### Instructions for the task
In the listing below, pick out lines with "longleftrightarrow".

### Available records

(* Let $q$ be a prime power, $\mathbb{L}=\mathrm{GF}(q^m)$, $n\mid q^m-1$, and $F_n=\{f\in\mathbb{L}^n : f_{qi\bmod n}=f_i^q\ \forall i\in\mathbb{Z}/n\mathbb{Z}\}$. Let $B_m(n)$ be the number of $q$-cyclotomic classes modulo $n$ having length $m$. Then the covering radius of $F_n\subseteq\mathbb{L}^n$ in the symbol Hamming metric is $$\rho(F_n)=n-B_m(n).$$ For $n=q^m-1$, $B_m(n)=\frac1m\sum_{r\mid m}\mu(m/r)(q^r-1)$.
   Context: The symbol Hamming distance between $x,y\in\mathbb{L}^n$ is $|\{i : x_i\ne y_i\}|$; the covering radius of a code $\mathcal{C}\subseteq\mathbb{L}^n$ is $\max_{x\in\mathbb{L}^n}\min_{c\in\mathcal{C}}d(x,c)$. The $q$-cyclotomic class of $s\in\mathbb{Z}/n\mathbb{Z}$ is $\{s,qs,q^2s,\ldots\}\bmod n$. $\mu$ is the Möbius function. *)

theory Defs
  imports "HOL-Computational_Algebra.Computational_Algebra"
begin

text \<open>Words of length n over an alphabet 'a, indexed by {0..<n} (i.e. Z/nZ).\<close>
definition words :: "nat \<Rightarrow> (nat \<Rightarrow> 'a) set" where
  "words n = PiE {..<n} (\<lambda>_. UNIV)"

definition hamming_dist :: "nat \<Rightarrow> (nat \<Rightarrow> 'a) \<Rightarrow> (nat \<Rightarrow> 'a) \<Rightarrow> nat" where
  "hamming_dist n x y = card {i. i < n \<and> x i \<noteq> y i}"

definition covering_radius :: "nat \<Rightarrow> (nat \<Rightarrow> 'a) set \<Rightarrow> nat" where
  "covering_radius n C = Max ((\<lambda>x. Min ((\<lambda>c. hamming_dist n x c) ` C)) ` words n)"

definition F_code :: "nat \<Rightarrow> nat \<Rightarrow> (nat \<Rightarrow> 'a::field) set" where
  "F_code q n = {f \<in> words n. \<forall>i<n. f ((q * i) mod n) = (f i) ^ q}"

definition cyclotomic_class :: "nat \<Rightarrow> nat \<Rightarrow> nat \<Rightarrow> nat set" where
  "cyclotomic_class q n s = {(q ^ j * s) mod n | j. True}"

definition B_count :: "nat \<Rightarrow> nat \<Rightarrow> nat \<Rightarrow> nat" where
  "B_count q m n = card {C \<in> cyclotomic_class q n ` {..<n}. card C = m}"

definition moebius_mu :: "nat \<Rightarrow> int" where
  "moebius_mu k = (if k = 0 then 0 else if squarefree k then (-1) ^ card (prime_factors k) else 0)"

end

theory Submission
  imports Defs
begin

(* A word f of F_n is determined by its values at one representative s of every q-cyclotomic
   class C, where f_s may be any element with f_s^(q^|C|) = f_s.  On a class of full length m this
   value is unconstrained, so every word x agrees with some codeword at one position of each
   full-length class: its distance to F_n is at most n - B_m(n).  Conversely, take the constant
   word z with z in no proper subfield of L.  A codeword taking the value z at position i forces
   the class of i to have length m, and it takes the value z at no other position of that class,
   so the constant word has distance at least n - B_m(n) from F_n.
   For n = q^m - 1 the positions whose class length divides d are the multiples of
   (q^m - 1)/(q^d - 1), so there are q^d - 1 of them; Moebius inversion then counts the
   m B_m(n) positions whose class has full length m. *)

section \<open>Orbits of multiplication by q modulo n\<close>

definition cyclotomic_period :: "nat \<Rightarrow> nat \<Rightarrow> nat \<Rightarrow> nat" where
  "cyclotomic_period q n i = (LEAST d. 0 < d \<and> q ^ d * i mod n = i)"

lemma power_mult_mod_mod:
  "q ^ a * (q ^ b * i mod n) mod n = q ^ (a + b) * i mod (n::nat)"
  by (simp add: mod_mult_right_eq power_add mult.assoc)

lemma power_mult_mod_period_mult:
  assumes "q ^ p * i mod n = (i::nat)"
  shows "q ^ (p * t) * i mod n = i"
proof (induction t)
  case 0
  show ?case using assms by (metis mod_mod_trivial mult_1 power_0 mult_0_right)
next
  case (Suc t)
  have "q ^ (p * Suc t) * i mod n = q ^ p * (q ^ (p * t) * i mod n) mod n"
    by (simp add: power_mult_mod_mod)
  also have "\<dots> = i" using Suc assms by simp
  finally show ?case .
qed

lemma power_mult_mod_period_mod:
  assumes "q ^ p * i mod n = (i::nat)"
  shows "q ^ a * i mod n = q ^ (a mod p) * i mod n"
proof -
  have "q ^ a * i mod n = q ^ (a mod p) * (q ^ (p * (a div p)) * i mod n) mod n"
    by (simp add: power_mult_mod_mod)
  also have "\<dots> = q ^ (a mod p) * i mod n"
    using power_mult_mod_period_mult[OF assms] by simp
  finally show ?thesis .
qed

locale cyclotomic_orbits =
  fixes q m n :: nat
  assumes q_pow_m: "q ^ m mod n = 1 mod n" and n_pos: "n > 0" and m_pos: "m > 0"
begin

abbreviation per :: "nat \<Rightarrow> nat" where
  "per \<equiv> cyclotomic_period q n"

abbreviation cls :: "nat \<Rightarrow> nat set" where
  "cls \<equiv> cyclotomic_class q n"

lemma power_m_mult_mod: "i < n \<Longrightarrow> q ^ m * i mod n = i"
  using q_pow_m by (metis mod_mult_left_eq mult_1 mod_less)

lemma cyclotomic_period_pos_fixes:
  assumes "i < n"
  shows "0 < per i" "q ^ per i * i mod n = i"
proof -
  have "0 < m \<and> q ^ m * i mod n = i" using m_pos power_m_mult_mod[OF assms] by simp
  then have "0 < per i \<and> q ^ per i * i mod n = i"
    unfolding cyclotomic_period_def by (rule LeastI)
  then show "0 < per i" "q ^ per i * i mod n = i" by auto
qed

lemma power_mult_mod_eq_self_iff:
  assumes "i < n"
  shows "q ^ d * i mod n = i \<longleftrightarrow> per i dvd d"
proof
  assume fix_d: "q ^ d * i mod n = i"
  have "q ^ (d mod per i) * i mod n = i"
    using fix_d power_mult_mod_period_mod[OF cyclotomic_period_pos_fixes(2)[OF assms], of d] by simp
  then have "\<not> (0 < d mod per i)"
    using not_less_Least[of "d mod per i" "\<lambda>d. 0 < d \<and> q ^ d * i mod n = i"]
      cyclotomic_period_pos_fixes(1)[OF assms]
    unfolding cyclotomic_period_def by auto
  then show "per i dvd d" by auto
next
  assume "per i dvd d"
  then show "q ^ d * i mod n = i"
    using power_mult_mod_period_mult[OF cyclotomic_period_pos_fixes(2)[OF assms]] by auto
qed

lemma cyclotomic_period_dvd_m: "i < n \<Longrightarrow> per i dvd m"
  using power_mult_mod_eq_self_iff power_m_mult_mod by blast

lemma power_mult_mod_eq_iff:
  assumes "i < n"
  shows "q ^ a * i mod n = q ^ b * i mod n \<longleftrightarrow> a mod per i = b mod per i"
proof -
  note period = cyclotomic_period_pos_fixes[OF assms]
  have shift: "per i dvd b - a" if "a \<le> b" "q ^ a * i mod n = q ^ b * i mod n" for a b
  proof -
    \<comment> \<open>multiplying by \<open>q ^ ((per i - 1) * a)\<close> moves \<open>q ^ a * i\<close> back to \<open>i\<close>\<close>
    let ?k = "(per i - 1) * a"
    have per_a: "?k + a = per i * a" and per_b: "?k + b = (b - a) + per i * a"
      using period(1) that(1) by (auto simp: algebra_simps)
    have "q ^ ?k * (q ^ a * i mod n) mod n = q ^ (per i * a) * i mod n"
      by (simp only: power_mult_mod_mod per_a)
    then have "i = q ^ ?k * (q ^ a * i mod n) mod n"
      using power_mult_mod_period_mult[OF period(2)] by simp
    also have "\<dots> = q ^ (b - a) * (q ^ (per i * a) * i mod n) mod n"
      unfolding that(2) by (simp only: power_mult_mod_mod per_b)
    also have "\<dots> = q ^ (b - a) * i mod n"
      using power_mult_mod_period_mult[OF period(2)] by simp
    finally have "q ^ (b - a) * i mod n = i" by (rule sym)
    then show ?thesis using power_mult_mod_eq_self_iff[OF assms] by blast
  qed
  show ?thesis
  proof
    assume "a mod per i = b mod per i"
    then show "q ^ a * i mod n = q ^ b * i mod n"
      using power_mult_mod_period_mod[OF period(2)] by metis
  next
    assume eq: "q ^ a * i mod n = q ^ b * i mod n"
    show "a mod per i = b mod per i"
    proof (cases "a \<le> b")
      case True
      then show ?thesis using shift[OF True eq] by (metis mod_eq_dvd_iff_nat)
    next
      case False
      then show ?thesis using shift[of b a] eq by (metis mod_eq_dvd_iff_nat nat_le_linear)
    qed
  qed
qed

lemma cyclotomic_class_eq_image:
  assumes "i < n"
  shows "cls i = (\<lambda>j. q ^ j * i mod n) ` {..<per i}"
proof
  show "cls i \<subseteq> (\<lambda>j. q ^ j * i mod n) ` {..<per i}"
  proof
    fix x assume "x \<in> cls i"
    then obtain j where "x = q ^ j * i mod n" unfolding cyclotomic_class_def by auto
    then have "x = q ^ (j mod per i) * i mod n"
      using power_mult_mod_period_mod[OF cyclotomic_period_pos_fixes(2)[OF assms]] by simp
    then show "x \<in> (\<lambda>j. q ^ j * i mod n) ` {..<per i}"
      using cyclotomic_period_pos_fixes(1)[OF assms] by auto
  qed
qed (auto simp: cyclotomic_class_def)

lemma card_cyclotomic_class: "i < n \<Longrightarrow> card (cls i) = per i"
  by (simp add: cyclotomic_class_eq_image card_image inj_on_def power_mult_mod_eq_iff)

lemma finite_cyclotomic_class: "i < n \<Longrightarrow> finite (cls i)"
  by (simp add: cyclotomic_class_eq_image)

lemma cyclotomic_class_self: "i < n \<Longrightarrow> i \<in> cls i"
  unfolding cyclotomic_class_def by (rule CollectI, rule exI[of _ 0]) simp

lemma mult_mod_in_cyclotomic_class: "q * i mod n \<in> cls i"
  unfolding cyclotomic_class_def by (rule CollectI, rule exI[of _ 1]) simp

lemma cyclotomic_class_less: "x \<in> cls i \<Longrightarrow> x < n"
  unfolding cyclotomic_class_def using n_pos by auto

lemma cyclotomic_class_eq_of_mem:
  assumes i: "i < n" and s: "s \<in> cls i"
  shows "cls s = cls i"
proof -
  obtain a where s_eq: "s = q ^ a * i mod n" using s unfolding cyclotomic_class_def by auto
  have shift: "q ^ j * s mod n = q ^ (j + a) * i mod n" for j
    unfolding s_eq by (simp only: power_mult_mod_mod)
  \<comment> \<open>\<open>q ^ m\<close> acts trivially, so \<open>q ^ ((m - 1) * a)\<close> inverts \<open>q ^ a\<close>\<close>
  have inverse: "q ^ (j + (m - 1) * a) * s mod n = q ^ j * i mod n" for j
  proof -
    have "j + (m - 1) * a + a = j + m * a" using m_pos by (cases m) auto
    then have "q ^ (j + (m - 1) * a) * s mod n = q ^ j * (q ^ (m * a) * i mod n) mod n"
      by (simp only: shift power_mult_mod_mod)
    then show ?thesis using power_mult_mod_period_mult[OF power_m_mult_mod[OF i]] by simp
  qed
  then have "cls i \<subseteq> cls s"
    unfolding cyclotomic_class_def by (auto simp flip: inverse)
  moreover have "cls s \<subseteq> cls i"
    unfolding cyclotomic_class_def shift by blast
  ultimately show ?thesis by blast
qed

lemma cyclotomic_period_eq_of_mem: "i < n \<Longrightarrow> s \<in> cls i \<Longrightarrow> per s = per i"
  by (metis card_cyclotomic_class cyclotomic_class_eq_of_mem cyclotomic_class_less)

lemma card_full_period_positions: "card {i. i < n \<and> per i = m} = m * B_count q m n"
proof -
  let ?R = "{C \<in> cls ` {..<n}. card C = m}"
  have union: "\<Union>?R = {i. i < n \<and> per i = m}"
  proof (intro equalityI subsetI)
    fix x assume "x \<in> \<Union>?R"
    then obtain i where "i < n" "x \<in> cls i" "per i = m" by (auto simp: card_cyclotomic_class)
    then show "x \<in> {i. i < n \<and> per i = m}"
      using cyclotomic_class_less cyclotomic_period_eq_of_mem by auto
  next
    fix x assume "x \<in> {i. i < n \<and> per i = m}"
    then show "x \<in> \<Union>?R" using cyclotomic_class_self card_cyclotomic_class by auto
  qed
  have disjoint: "C \<inter> C' = {}" if C: "C \<in> ?R" and C': "C' \<in> ?R" and "C \<noteq> C'" for C C'
  proof -
    obtain i i' where "i < n" "C = cls i" "i' < n" "C' = cls i'" using C C' by blast
    then show ?thesis using \<open>C \<noteq> C'\<close> cyclotomic_class_eq_of_mem by blast
  qed
  have "m * card ?R = card (\<Union>?R)"
    by (rule card_partition) (use disjoint in \<open>auto simp: union\<close>)
  then show ?thesis unfolding union B_count_def by simp
qed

### Solved problem
  shows "q ^ d * i mod n = i \<longleftrightarrow> per i dvd d"
  shows "q ^ a * i mod n = q ^ b * i mod n \<longleftrightarrow> a mod per i = b mod per i"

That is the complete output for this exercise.